Just remember that for such a triangular area on the $v-t$ graph, the speed $v$ is not constant. It changes all the time, it is not the same in 1 second as it is in 2 seconds.

So which value of $v$ should you plug into the formula $s=vt$?

The answer in this particular case is that you take the average, which would be half of the highest value $v$ will reach. And then your formulas fit!

Were $v$ constant, then you would have a rectangular graph, and width-times-height would again give the right result.

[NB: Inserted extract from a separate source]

(* Suppose Assumptions 1–5 hold. For each $\alpha\in A$ and $T$, let $(\hat\beta_{T\alpha q},\hat\pi_{T\alpha q},\hat\varpi_{T\alpha q})\in B\times\Pi_\alpha$ be such that $\hat{\boldsymbol\lambda}_{T\alpha q}:=T^{1/2}\boldsymbol\theta(\alpha,\hat\beta_{T\alpha q},\hat\pi_{T\alpha q},\hat\varpi_{T\alpha q})$ satisfies $$(\hat{\boldsymbol\lambda}_{T\alpha q}-Z_{T\alpha})'\mathcal I_\alpha(\hat{\boldsymbol\lambda}_{T\alpha q}-Z_{T\alpha})=\inf_{\boldsymbol\lambda\in\Theta_{\alpha,T}}\{(\boldsymbol\lambda-Z_{T\alpha})'\mathcal I_\alpha(\boldsymbol\lambda-Z_{T\alpha})\}+o_{p\alpha}(1).$$ Then $$L^\pi_T(\alpha,\hat\beta_{T\alpha},\hat\pi_{T\alpha},\hat\varpi_{T\alpha})-L^\pi_T(\alpha,\beta^*,\pi^*,0)=\tfrac12Z_{T\alpha}'\mathcal I_\alpha Z_{T\alpha}-\tfrac12(\hat{\boldsymbol\lambda}_{T\alpha q}-Z_{T\alpha})'\mathcal I_\alpha(\hat{\boldsymbol\lambda}_{T\alpha q}-Z_{T\alpha})+o_{p\alpha}(1).$$
   Context: Setting. Fix an integer $p\ge1$. $\{y_t\}$ is a real-valued time series observed for $t=-p+1,\dots,T$; write $\boldsymbol y_{t-1}=(y_{t-1},\dots,y_{t-p})$ and $\mathcal F_t=\sigma(y_s,\ s\le t)$. For $\tilde\phi=(\tilde\phi_0,\tilde\phi_1,\dots,\tilde\phi_p,\tilde\sigma^2)\in\mathbb R^{p+1}\times(0,\infty)$ let $f_t(\tilde\phi)=\tilde\sigma^{-1}\mathfrak N\big((y_t-\tilde\phi_0-\sum_{i=1}^p\tilde\phi_iy_{t-i})/\tilde\sigma\big)$ with $\mathfrak N(u)=(2\pi)^{-1/2}e^{-u^2/2}$; $\nabla f_t$ denotes the gradient with respect to $\tilde\phi$. Integers $q_1\ge0$, $q_2\ge1$ with $q_1+q_2=p+2$ and a known $(p+2)\times(p+2)$ permutation matrix $P$ are fixed; for $\beta\in\mathbb R^{q_1},\phi\in\mathbb R^{q_2}$ write $f_t(\beta,\phi)=f_t(P^{-1}(\beta,\phi))$. Given a mixing weight $\alpha_t(\alpha,\beta,\phi,\varphi)$ depending on an additional parameter $\alpha$, the two-regime mixture autoregressive log-likelihood is $L_T(\alpha,\beta,\phi,\varphi)=\sum_{t=1}^T\log[\alpha_tf_t(\beta,\phi)+(1-\alpha_t)f_t(\beta,\varphi)]$; the null (linear AR) log-likelihood is $L^0_T(\tilde\phi)=\sum_{t=1}^T\log f_t(\tilde\phi)$. Let $\hat{\tilde\phi}_T$ satisfy $L^0_T(\hat{\tilde\phi}_T)=\sup_{\tilde\phi\in\tilde\Phi}L^0_T(\tilde\phi)+o_p(1)$ and $\hat{\tilde\phi}_T=\tilde\phi^*+o_p(1)$. Define $LR_T(\alpha)=2[\sup_{(\beta,\phi,\varphi)\in B\times\Phi\times\Phi}L_T(\alpha,\beta,\phi,\varphi)-\sup_{\tilde\phi\in\tilde\Phi}L^0_T(\tilde\phi)]$ and $LR_T=\sup_{\alpha\in A}LR_T(\alpha)$. Notation. For random quantities $X_{T\alpha}$ indexed by $\alpha\in A$, $X_{T\alpha}=o_{p\alpha}(1)$ (resp. $O_{p\alpha}(1)$) means $\sup_{\alpha\in A}\|X_{T\alpha}\|=o_p(1)$ (resp. $O_p(1)$). $\mathcal B(A,\mathbb R^k)$ (resp. $\mathcal C(A,\mathbb R^k)$) is the space of bounded (resp. continuous) $\mathbb R^k$-valued functions on $A$ with the uniform metric; $\Rightarrow$ denotes weak convergence of processes in such spaces. A set $\Lambda\subset\mathbb R^r$ is a cone if $\lambda\in\Lambda$ implies $a\lambda\in\Lambda$ for all real $a>0$. A collection $\{\Gamma_\alpha,\alpha\in A\}$ of subsets of $\mathbb R^r$ is locally uniformly equal to $\Lambda\subset\mathbb R^r$ if there is $\delta>0$ with $\Gamma_\alpha\cap(-\delta,\delta)^r=\Lambda\cap(-\delta,\delta)^r$ for all $\alpha\in A$. $\lambda_{\min},\lambda_{\max}$ denote smallest/largest eigenvalues. Assumption 1. (i) $y_t=\tilde\phi^*_0+\sum_{i=1}^p\tilde\phi^*_iy_{t-i}+\tilde\sigma^*\varepsilon_t$ is a stationary linear Gaussian AR($p$) process, $\varepsilon_t$ i.i.d. $N(0,1)$ with $\varepsilon_t$ independent of $\{y_{t-j},j>0\}$, where $\tilde\phi^*$ is an interior point of a compact set $\tilde\Phi\subset\{\tilde\phi:\tilde\phi_0\in\mathbb R,\ 1-\sum_{i=1}^p\tilde\phi_iz^i\ne0\text{ for }|z|\le1,\ \tilde\sigma^2\in(0,\infty)\}$. (ii) The parameter space of $(\alpha,\beta,\phi,\varphi)$ is $A\times B\times\Phi\times\Phi$ with $A\subset\mathbb R^a$ compact and $B\subset\mathbb R^{q_1}$, $\Phi\subset\mathbb R^{q_2}$ compact such that $(\beta,\phi)\in B\times\Phi$ iff $P^{-1}(\beta,\phi)\in\tilde\Phi$; write $(\beta^*,\phi^* )=P\tilde\phi^*$. (iii) For all $t$ and all parameter values, $\alpha_t(\alpha,\beta,\phi,\varphi)$ is $\sigma(\boldsymbol y_{t-1})$-measurable and lies in $(0,1)$. Assumption 2. For each $\alpha\in A$, estimators $(\hat\beta_{T\alpha},\hat\phi_{T\alpha},\hat\varphi_{T\alpha})\in B\times\Phi\times\Phi$ satisfy (i) $L_T(\alpha,\hat\beta_{T\alpha},\hat\phi_{T\alpha},\hat\varphi_{T\alpha})=\sup_{(\beta,\phi,\varphi)\in B\times\Phi\times\Phi}L_T(\alpha,\beta,\phi,\varphi)+o_{p\alpha}(1)$ and (ii) $(\hat\beta_{T\alpha},\hat\phi_{T\alpha},\hat\varphi_{T\alpha})=(\beta^*,\phi^*,\phi^* )+o_{p\alpha}(1)$. Assumption 3. (i) For every $\alpha\in A$ the map $(\pi,\varpi)=\boldsymbol\pi_\alpha(\phi,\varphi)$ from $\Phi\times\Phi$ onto $\Pi_\alpha:=\boldsymbol\pi_\alpha(\Phi\times\Phi)\subset\mathbb R^{2q_2}$ is one-to-one with $\boldsymbol\pi_\alpha$ and $\boldsymbol\pi_\alpha^{-1}$ continuous. (ii) $\boldsymbol\pi_\alpha(\{(\phi,\phi):\phi\in\Phi\})=\Phi\times\{0\}$ and $\boldsymbol\pi_\alpha(\phi^*,\phi^* )=(\pi^*,0)$ with $\pi^*:=\phi^*$. (iii) $(\hat\beta_{T\alpha},\hat\pi_{T\alpha},\hat\varpi_{T\alpha})=(\beta^*,\pi^*,0)+o_{p\alpha}(1)$, where $(\hat\pi_{T\alpha},\hat\varpi_{T\alpha})=\boldsymbol\pi_\alpha(\hat\phi_{T\alpha},\hat\varphi_{T\alpha})$. The reparameterized log-likelihood is $L^\pi_T(\alpha,\beta,\pi,\varpi)=L_T(\alpha,\beta,\boldsymbol\pi_\alpha^{-1}(\pi,\varpi))$. Assumption 4. For some integer $k\ge2$ and every $\alpha\in A$, $\alpha_t(\alpha,\cdot)$ and $\boldsymbol\pi^{-1}_\alpha$ are $k$ times continuously differentiable on the interiors of $B\times\Phi\times\Phi$ and $\Pi_\alpha$, respectively. Assumption 5. For each $\alpha\in A$ and $(\beta,\pi,\varpi)\in B\times\Pi_\alpha$, with $\boldsymbol\theta=\boldsymbol\theta(\alpha,\beta,\pi,\varpi)$, $L^\pi_T(\alpha,\beta,\pi,\varpi)-L^\pi_T(\alpha,\beta^*,\pi^*,0)=(T^{-1/2}S_{T\alpha})'[T^{1/2}\boldsymbol\theta]-\tfrac12[T^{1/2}\boldsymbol\theta]'\mathcal I_\alpha[T^{1/2}\boldsymbol\theta]+R_T(\alpha,\beta,\pi,\varpi)$, where: (i) for each $\alpha$, $\boldsymbol\theta(\alpha,\cdot)$ maps $B\times\Pi_\alpha$ onto $\Theta_\alpha\subset\mathbb R^r$, with (a) $\boldsymbol\theta(\alpha,\beta^*,\pi^*,0)=0$ and (b) for every $\epsilon>0$ there is $\delta_\epsilon>0$ with $\inf_{\alpha\in A}\inf_{(\beta,\pi,\varpi)\in B\times\Pi_\alpha:\|(\beta,\pi,\varpi)-(\beta^*,\pi^*,0)\|\ge\epsilon}\|\boldsymbol\theta(\alpha,\beta,\pi,\varpi)\|\ge\delta_\epsilon$; (ii) $S_{T\alpha}=\sum_{t=1}^Ts_{t\alpha}$ is an $\mathbb R^r$-valued $\mathcal F_T$-measurable process indexed by $\alpha\in A$, not depending on $(\beta,\pi,\varpi)$, with sample paths continuous in $\alpha$, and $T^{-1/2}S_{T\bullet}\Rightarrow S_\bullet$ for a mean-zero $\mathbb R^r$-valued Gaussian process $\{S_\alpha:\alpha\in A\}$ with a.s. continuous sample paths and $E[S_\alpha S_\alpha']=E[s_{t\alpha}s_{t\alpha}']=\mathcal I_\alpha$; (iii) $\mathcal I_\alpha$ is a nonrandom symmetric $r\times r$ matrix not depending on $(\beta,\pi,\varpi)$, continuous in $\alpha$, with $0<\inf_{\alpha\in A}\lambda_{\min}(\mathcal I_\alpha)$ and $\sup_{\alpha\in A}\lambda_{\max}(\mathcal I_\alpha)<\infty$; (iv) for every nonrandom sequence of positive scalars $\gamma_T\to0$, $\sup_{(\beta,\pi,\varpi)\in B\times\Pi_\alpha:\|(\beta,\pi,\varpi)-(\beta^*,\pi^*,0)\|\le\gamma_T}|R_T(\alpha,\beta,\pi,\varpi)|/(1+\|T^{1/2}\boldsymbol\theta(\alpha,\beta,\pi,\varpi)\|)^2=o_{p\alpha}(1)$. Assumption 6. $\{\Theta_\alpha,\alpha\in A\}$ is locally uniformly equal to a cone $\Lambda\subset\mathbb R^r$. Assumption 7. With $q_\theta=q_1+q_2$ and $q_\vartheta=r-q_\theta$, $\Lambda=\mathbb R^{q_\theta}\times\Lambda_\vartheta$ for a cone $\Lambda_\vartheta\subset\mathbb R^{q_\vartheta}$. Assumption 8. Partitioning $S_{T\alpha}=(S_{T\theta\alpha},S_{T\vartheta\alpha})$ with $S_{T\theta\alpha}$ of dimension $q_\theta$, $S_{T\theta\alpha}=S^0_T:=\sum_{t=1}^T\nabla f_t(\tilde\phi^* )/f_t(\tilde\phi^* )$ for all $\alpha$. Let $\mathcal I^0=E[(\nabla f_t(\tilde\phi^* )/f_t(\tilde\phi^* ))(\nabla f_t(\tilde\phi^* )/f_t(\tilde\phi^* ))']$. Further notation. $Z_{T\alpha}=\mathcal I_\alpha^{-1}T^{-1/2}S_{T\alpha}$, $Z_\alpha=\mathcal I_\alpha^{-1}S_\alpha$. Partition $S_\alpha=(S_{\theta\alpha},S_{\vartheta\alpha})$, $Z_\alpha=(Z_{\theta\alpha},Z_{\vartheta\alpha})$, $\boldsymbol\lambda=(\boldsymbol\lambda_\theta,\boldsymbol\lambda_\vartheta)$ and $\mathcal I_\alpha$ into blocks $\mathcal I_{\theta\theta\alpha},\mathcal I_{\theta\vartheta\alpha},\mathcal I_{\vartheta\theta\alpha},\mathcal I_{\vartheta\vartheta\alpha}$ conformably with dimensions $q_\theta,q_\vartheta$; $(\mathcal I_\alpha^{-1})_{\vartheta\vartheta}$ is the bottom-right $q_\vartheta\times q_\vartheta$ block of $\mathcal I_\alpha^{-1}$. $\Theta_{\alpha,T}=\{T^{1/2}\boldsymbol\theta:\boldsymbol\theta\in\Theta_\alpha\}$. *)

theory Defs
  imports "HOL-Probability.Probability"
begin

In cases where you cannot figure out the corresponding value of $v$, what do we then do? We have to take each individual value for itself, calculate the distance for each and then sum it up. This why the formula in general is written as an integral:

$$s=\int v \;d t$$


Let's split the area into billions of tiny columns. The top of each column is almost perfectly horizontal since it is so thin. And so you find the area of this column from its base $b$ and height $h$:

$$A_{column} =h_{column}b$$

And then you add up all the columns:

$$A=\sum A_{column} =\sum h_{column}b$$

The height is the speed that fits the specific column, and $b$ is the change in time $\Delta t$.

$$A=\sum v \;\Delta t$$

When we have basically infinitely many such infinitely thin columns, then we can invent a special symbol. For example the integral symbol $\int$ to mean a sum of infinitely many infinitely tiny things:

$$A=\int v \;d t$$

And people also then use $d$ instead of $\Delta$ when the difference is infinitely small.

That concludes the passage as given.